Сергей Львов - Гражданин Города Солнца. Повесть о Томмазо Кампанелле
Утро в Кастель Нуово начинали горластые петухи. Их клич, напоминавший деревенское детство, в крепостных стенах ошеломлял. Дивиться нечему. Стражники и надзиратели, родом из крестьян, жили в крепости с семьями, обзаводились хозяйством. На внутренних дворах возделывали огороды, держали коз. Виноградные лозы карабкались по стенам тюрьмы. В крепости появлялись торговцы рыбой, пекари привозили хлеб, пастухи пригоняли коз и продавали тут же надоенное молоко. Въезжали повозки с провиантом для солдат и заключенных. Жены стражников и надзирателей сновали по крепости, громко перекрикивались, дети носились стаями по дворам, играли. Подражая родителям, они нередко вели кого-нибудь под конвоем в место, обозначавшее в их игре тюрьму. Каменщика чинили старые, местами обваливающиеся стены. Черными тенями проходили по крепостному двору, опустив глаза, молчаливые инквизиторы, поспешали протоколисты-нотарии, скакали на прекрасных конях, распугивая всех, надменные испанские курьеры. Поспав после обеда, выходили посидеть перед своими уютными домиками на осеннем солнце утомленные ночными трудами палачи — основательные, коренастые, жилистые люди.

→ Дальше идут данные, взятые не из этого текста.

lemma hbe_second_moment:
  fixes \<nu> :: "('a \<Rightarrow> 'b) pmf" and P :: "nat \<Rightarrow> 'a" and w :: "'a \<Rightarrow> nat \<Rightarrow> real"
  shows "measure_pmf.expectation (hbe \<nu> P w n x) (\<lambda>z. z^2)
    = (\<Sum>i<n. \<Sum>j<n. (w x i / coll_prob \<nu> P x i)^2
         * measure_pmf.prob \<nu> {h. h (P i) = h x \<and> h (P j) = h x}) / (real n)^2"
proof -
  define c where "c i = w x i / coll_prob \<nu> P x i" for i
  define C :: "nat \<Rightarrow> nat \<Rightarrow> ('a \<Rightarrow> 'b) set"
    where "C i j = {h. h (P i) = h x \<and> h (P j) = h x}" for i j
  define Z :: "('a \<Rightarrow> 'b) \<Rightarrow> real pmf" where "Z = (\<lambda>h. let H = hash_bucket h P n x in
      if H = {} then return_pmf 0 else map_pmf (\<lambda>i. c i * (real (card H) / real n)) (pmf_of_set H))"
  have Z_square: "measure_pmf.expectation (Z h) (\<lambda>z. z^2)
      = (\<Sum>i<n. \<Sum>j<n. c i ^ 2 * indicator (C i j) h) / (real n)^2" for h
  proof -
    let ?H = "hash_bucket h P n x"
    have "(\<Sum>i<n. \<Sum>j<n. c i ^ 2 * indicator (C i j) h)
        = (\<Sum>i<n. \<Sum>j<n. c i ^ 2 * of_bool (i \<in> ?H \<and> j \<in> ?H))"
      by (intro sum.cong refl) (simp add: C_def hash_bucket_def)
    moreover have "?H \<subseteq> {..<n}" by (auto simp: hash_bucket_def)
    ultimately show ?thesis
      unfolding Z_def Let_def by (simp add: expectation_square_scaled_pmf_of_set)
  qed
  have Z_integrable: "integrable (measure_pmf (Z h)) (\<lambda>z. z^2)" for h
    by (rule integrable_measure_pmf_finite) (simp add: Z_def Let_def hash_bucket_def)
  have hbe_eq: "hbe \<nu> P w n x = \<nu> \<bind> Z"
    unfolding hbe_def Z_def c_def ..
  have indicator_integrable: "integrable (measure_pmf \<nu>) (indicator (C i j) :: _ \<Rightarrow> real)" for i j
    by (rule integrable_real_indicator) (simp_all add: measure_pmf.emeasure_finite less_top[symmetric])
  have outer_integrable: "integrable (measure_pmf \<nu>) (\<lambda>h. measure_pmf.expectation (Z h) (\<lambda>z. z^2))"
    unfolding Z_square
    by (intro integrable_divide Bochner_Integration.integrable_sum integrable_mult_right indicator_integrable)
  have "measure_pmf.expectation (hbe \<nu> P w n x) (\<lambda>z. z^2)
      = measure_pmf.expectation \<nu> (\<lambda>h. measure_pmf.expectation (Z h) (\<lambda>z. z^2))"
    unfolding hbe_eq by (rule expectation_bind_pmf_nonneg[OF _ Z_integrable outer_integrable]) simp
  also have "\<dots> = measure_pmf.expectation \<nu> (\<lambda>h. (\<Sum>i<n. \<Sum>j<n. c i ^ 2 * indicator (C i j) h) / (real n)^2)"
    unfolding Z_square ..
  also have "\<dots> = (\<Sum>i<n. \<Sum>j<n. c i ^ 2 * measure_pmf.expectation \<nu> (indicator (C i j))) / (real n)^2"
    by (simp only: integral_divide_zero Bochner_Integration.integral_sum integral_mult_right_zero
        integrable_mult_right Bochner_Integration.integrable_sum indicator_integrable)
  also have "\<dots> = (\<Sum>i<n. \<Sum>j<n. c i ^ 2 * measure_pmf.prob \<nu> (C i j)) / (real n)^2"
    by simp
  finally show ?thesis by (simp add: c_def C_def)
qed

lemma hbe_second_moment_le:
  fixes \<nu> :: "('a \<Rightarrow> 'b) pmf" and P :: "nat \<Rightarrow> 'a" and w :: "'a \<Rightarrow> nat \<Rightarrow> real"
  shows "measure_pmf.expectation (hbe \<nu> P w n x) (\<lambda>z. z^2)
    \<le> (\<Sum>i<n. \<Sum>j<n. (w x i / coll_prob \<nu> P x i)^2
         * min (coll_prob \<nu> P x i) (coll_prob \<nu> P x j)) / (real n)^2"
  unfolding hbe_second_moment coll_prob_def
  by (intro divide_right_mono sum_mono mult_left_mono min.boundedI measure_pmf.finite_measure_mono) auto

lemma sum_powr_le_card_powr_sum:
  fixes a :: "'i \<Rightarrow> real"
  assumes A: "finite A" and a: "\<And>j. j \<in> A \<Longrightarrow> 0 \<le> a j" and q: "0 \<le> q" "q \<le> 1"
  shows "(\<Sum>j\<in>A. a j powr q) \<le> real (card A) powr (1 - q) * (\<Sum>j\<in>A. a j) powr q"
proof (cases "(\<Sum>j\<in>A. a j) = 0")
  case True
  then have "\<forall>j\<in>A. a j = 0" using sum_nonneg_eq_0_iff[OF A] a by blast
  then show ?thesis by simp
next
  case False
  define N where "N = real (card A)"
  define m where "m = (\<Sum>j\<in>A. a j) / N"
  have S_pos: "0 < (\<Sum>j\<in>A. a j)" using False a by (metis order_le_less sum_nonneg)
  have N_pos: "0 < N" using False A by (auto simp: N_def card_gt_0_iff)
  have m_pos: "0 < m" unfolding m_def using S_pos N_pos by simp
  \<comment> \<open>Young's inequality: \<open>t powr q\<close> lies below its tangent \<open>q t + (1 - q)\<close> at \<open>t = 1\<close>,
    applied to \<open>t = a j / m\<close> with \<open>m\<close> the mean.\<close>
  have tangent: "a j powr q \<le> m powr q * (q * (a j / m) + (1 - q))" if "j \<in> A" for j
  proof (cases "a j = 0")
    case True
    then show ?thesis using q m_pos by simp
  next
    case False
    then have aj: "0 < a j" using a[OF that] by linarith
    have "(a j / m) powr q * 1 powr (1 - q) \<le> q * (a j / m) + (1 - q) * 1"
      by (rule Youngs_inequality_0) (use q aj m_pos in auto)
    moreover have "a j powr q = m powr q * (a j / m) powr q"
      using aj m_pos by (simp add: powr_divide)
    ultimately show ?thesis using m_pos by (simp add: mult_left_mono)
  qed
  have "(\<Sum>j\<in>A. a j powr q) \<le> (\<Sum>j\<in>A. m powr q * (q * (a j / m) + (1 - q)))"
    by (rule sum_mono) (rule tangent)
  also have "\<dots> = m powr q * (q * ((\<Sum>j\<in>A. a j) / m) + (1 - q) * N)"
    unfolding N_def
    by (simp add: sum_distrib_left sum.distrib sum_divide_distrib[symmetric] ring_distribs)
  also have "\<dots> = m powr q * N"
    using m_pos N_pos unfolding m_def by (simp add: field_simps)
  also have "\<dots> = N powr (1 - q) * (\<Sum>j\<in>A. a j) powr q"
    using S_pos N_pos unfolding m_def by (simp add: powr_divide powr_diff field_simps)
  finally show ?thesis unfolding N_def .
qed

lemma powr_le_powr_mult_of_ge:
  fixes \<theta> t r :: real
  assumes "0 < \<theta>" "\<theta> \<le> t" "r \<le> 1"
  shows "t powr r \<le> \<theta> powr (r - 1) * t"
proof -
  have "t powr r = t powr (r - 1) * t"
    using assms powr_add[of t "r - 1" 1] by simp
  also have "\<dots> \<le> \<theta> powr (r - 1) * t"
    by (intro mult_right_mono powr_mono2') (use assms in auto)
  finally show ?thesis .
qed

lemma sum_powr_le_powr_mult_sum_of_ge:
  fixes w :: "'i \<Rightarrow> real"
  assumes "0 < \<theta>" "\<And>j. j \<in> B \<Longrightarrow> \<theta> \<le> w j" "r \<le> 1"
  shows "(\<Sum>j\<in>B. w j powr r) \<le> \<theta> powr (r - 1) * sum w B"
  unfolding sum_distrib_left by (intro sum_mono powr_le_powr_mult_of_ge) (use assms in auto)

definition collision_weight :: "real \<Rightarrow> real \<Rightarrow> real \<Rightarrow> real" where
  "collision_weight \<beta> a b = a powr (2 - 2*\<beta>) * min a b powr \<beta>"

lemma collision_weight_le_mult_powr:
  fixes a b \<beta> :: real
  assumes a: "0 \<le> a" and b: "0 \<le> b" and beta: "1/2 \<le> \<beta>" "\<beta> \<le> 1"
  shows "collision_weight \<beta> a b \<le> a * b powr (1 - \<beta>)"
  unfolding collision_weight_def
proof (cases "a \<le> b")
  case True
  have "a powr (2 - 2*\<beta>) * min a b powr \<beta> = a * a powr (1 - \<beta>)"
    using True a powr_add[of a "2 - 2*\<beta>" \<beta>] powr_add[of a 1 "1 - \<beta>"] by simp
  also have "\<dots> \<le> a * b powr (1 - \<beta>)"
    by (intro mult_left_mono powr_mono2) (use True a beta in auto)
  finally show "a powr (2 - 2*\<beta>) * min a b powr \<beta> \<le> a * b powr (1 - \<beta>)" .
next
  case False
  have "a powr (2 - 2*\<beta>) * min a b powr \<beta> = a powr (2 - 2*\<beta>) * b powr (2*\<beta> - 1) * b powr (1 - \<beta>)"
    using False powr_add[of b "2*\<beta> - 1" "1 - \<beta>"] by simp
  also have "\<dots> \<le> a powr (2 - 2*\<beta>) * a powr (2*\<beta> - 1) * b powr (1 - \<beta>)"
    by (intro mult_left_mono mult_right_mono powr_mono2) (use False b beta in auto)
  also have "\<dots> = a * b powr (1 - \<beta>)"
    using a powr_add[of a "2 - 2*\<beta>" "2*\<beta> - 1"] by simp
  finally show "a powr (2 - 2*\<beta>) * min a b powr \<beta> \<le> a * b powr (1 - \<beta>)" .
qed

lemma collision_weight_le_powr_mult_powr:
  fixes a b \<beta> :: real
  assumes "0 \<le> a" "0 \<le> b" "0 \<le> \<beta>"
  shows "collision_weight \<beta> a b \<le> a powr (2 - 2*\<beta>) * b powr \<beta>"
  unfolding collision_weight_def using assms by (intro mult_left_mono powr_mono2) auto

lemma scale_free_term_le:
  fixes a b p q \<beta> M :: real
  assumes a: "0 \<le> a" and b: "0 \<le> b" and beta: "0 \<le> \<beta>" and M: "0 < M"
    and p: "(1/M) * a powr \<beta> \<le> p" "p \<le> M * a powr \<beta>"
    and q: "(1/M) * b powr \<beta> \<le> q" "q \<le> M * b powr \<beta>"
  shows "(a / p)^2 * min p q \<le> M^3 * collision_weight \<beta> a b"
proof (cases "a = 0")
  case True
  then show ?thesis using M by (simp add: collision_weight_def)
next
  case False
  then have a_pos: "0 < a" using a by simp
  have "0 < (1/M) * a powr \<beta>" using a_pos M by simp
  then have p_pos: "0 < p" using p(1) by linarith
  have "a / p \<le> a / ((1/M) * a powr \<beta>)"
    by (rule divide_left_mono) (use p p_pos a_pos M in auto)
  also have "\<dots> = M * a powr (1 - \<beta>)"
    using a_pos M by (simp add: powr_diff field_simps)
  finally have "(a / p)^2 \<le> (M * a powr (1 - \<beta>))^2"
    by (rule power_mono) (use a p_pos in simp)
  also have "\<dots> = M^2 * a powr (2 - 2*\<beta>)"
    by (simp add: power_mult_distrib power2_eq_square powr_add[symmetric])
  finally have ratio: "(a / p)^2 \<le> M^2 * a powr (2 - 2*\<beta>)" .
  have "min p q \<le> M * min (a powr \<beta>) (b powr \<beta>)"
    using p q M by (auto simp: min_def)
  also have "min (a powr \<beta>) (b powr \<beta>) = min a b powr \<beta>"
    using powr_mono2[OF beta a, of b] powr_mono2[OF beta b, of a] by (auto simp: min_def)
  finally have min_le: "min p q \<le> M * min a b powr \<beta>" .
  have "0 \<le> (1/M) * b powr \<beta>" using M by simp
  then have "0 \<le> q" using q(1) by linarith
  then have "(a / p)^2 * min p q \<le> M^2 * a powr (2 - 2*\<beta>) * (M * min a b powr \<beta>)"
    using p_pos by (intro mult_mono ratio min_le) auto
  then show ?thesis by (simp add: collision_weight_def power2_eq_square power3_eq_cube mult_ac)
qed

lemma sum_collision_weight_heavy_le:
  fixes w :: "'i \<Rightarrow> real"
  assumes I: "\<And>i. i \<in> I \<Longrightarrow> 0 \<le> w i" and \<theta>: "0 < \<theta>" and B: "\<And>j. j \<in> B \<Longrightarrow> \<theta> \<le> w j"
    and beta: "1/2 \<le> \<beta>" "\<beta> \<le> 1"
  shows "(\<Sum>i\<in>I. \<Sum>j\<in>B. collision_weight \<beta> (w i) (w j)) \<le> sum w I * (\<theta> powr (- \<beta>) * sum w B)"
proof -
  have "(\<Sum>i\<in>I. \<Sum>j\<in>B. collision_weight \<beta> (w i) (w j)) \<le> (\<Sum>i\<in>I. \<Sum>j\<in>B. w i * w j powr (1 - \<beta>))"
    by (intro sum_mono collision_weight_le_mult_powr)
      (use I B \<theta> beta in \<open>auto intro: order_trans[OF less_imp_le[OF \<theta>]]\<close>)
  also have "\<dots> = sum w I * (\<Sum>j\<in>B. w j powr (1 - \<beta>))"
    by (simp add: sum_product)
  also have "\<dots> \<le> sum w I * (\<theta> powr (- \<beta>) * sum w B)"
    using sum_powr_le_powr_mult_sum_of_ge[of \<theta> B w "1 - \<beta>"] I B \<theta> beta
    by (intro mult_left_mono) (auto intro: sum_nonneg)
  finally show ?thesis .
qed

Переругивались с женами, переговаривались с соседями. Толковали между собой о житейском и о делах. Побаливают суставы — много времени приходится проводить в подземельях, а там сыро. Трудиться заставляют бессовестно много. И все, кому не лень, учат. А чего учить людей, которые на этом ремесле собаку съели! Так нет же! Взяли моду по книге, по картинкам указывать, как на дыбе растягивать, как воду через мехи в глотку наливать, будто они и без книги не знают, как это делается. Этого бы ученого, кто ее сочинил, в застенок, дать ему обвиняемого, да инструменты, поглядим еще, как управится! Писать-то легко!.. А ты попробуй все, что надо, выудить, да за один раз, да чтобы тот, у кого выпытываешь, раньше времени не помер. С кем промашки не бывает, а за нее по головке не гладят! За ночь так намотаешься, от криков оглохнешь, руки себе отобьешь, весь перемажешься, врагу своему такой работы не пожелаешь.
Так судачат на дворе Кастель Нуово обитающие здесь заплечных дел мастера — основательные, жилистые, коренастые мужчины. Впрочем, толкуют не только об этом. О картах, в которые не прочь перекинуться. О том, какой славный нынче уродился виноград. Каков улов. Каковы цены на рынке. О мастере, который шил им фартуки для работы и схитрил — поставил вместо новой кожи — старую. Совести у людей не стало! О дураках, которые верят, что веревка повешенного или обуглившаяся косточка сожженного приносят счастье, и готовы платить за них большие деньги — кабы так на самом деле, были бы они, палачи Кастель Нуово, самыми счастливыми людьми на свете. О прекраснейшей проповеди — слушали ее в крепостной церкви со слезами умиления. О хворостях жен толкуют. О приданом для дочек. О том, пускать ли сыновей по своей части или обучить другому ремеслу. Отдыхают мастера своего дела, осенним солнышком наслаждаются, винцо попивают, беседуют о ремесле и житейском.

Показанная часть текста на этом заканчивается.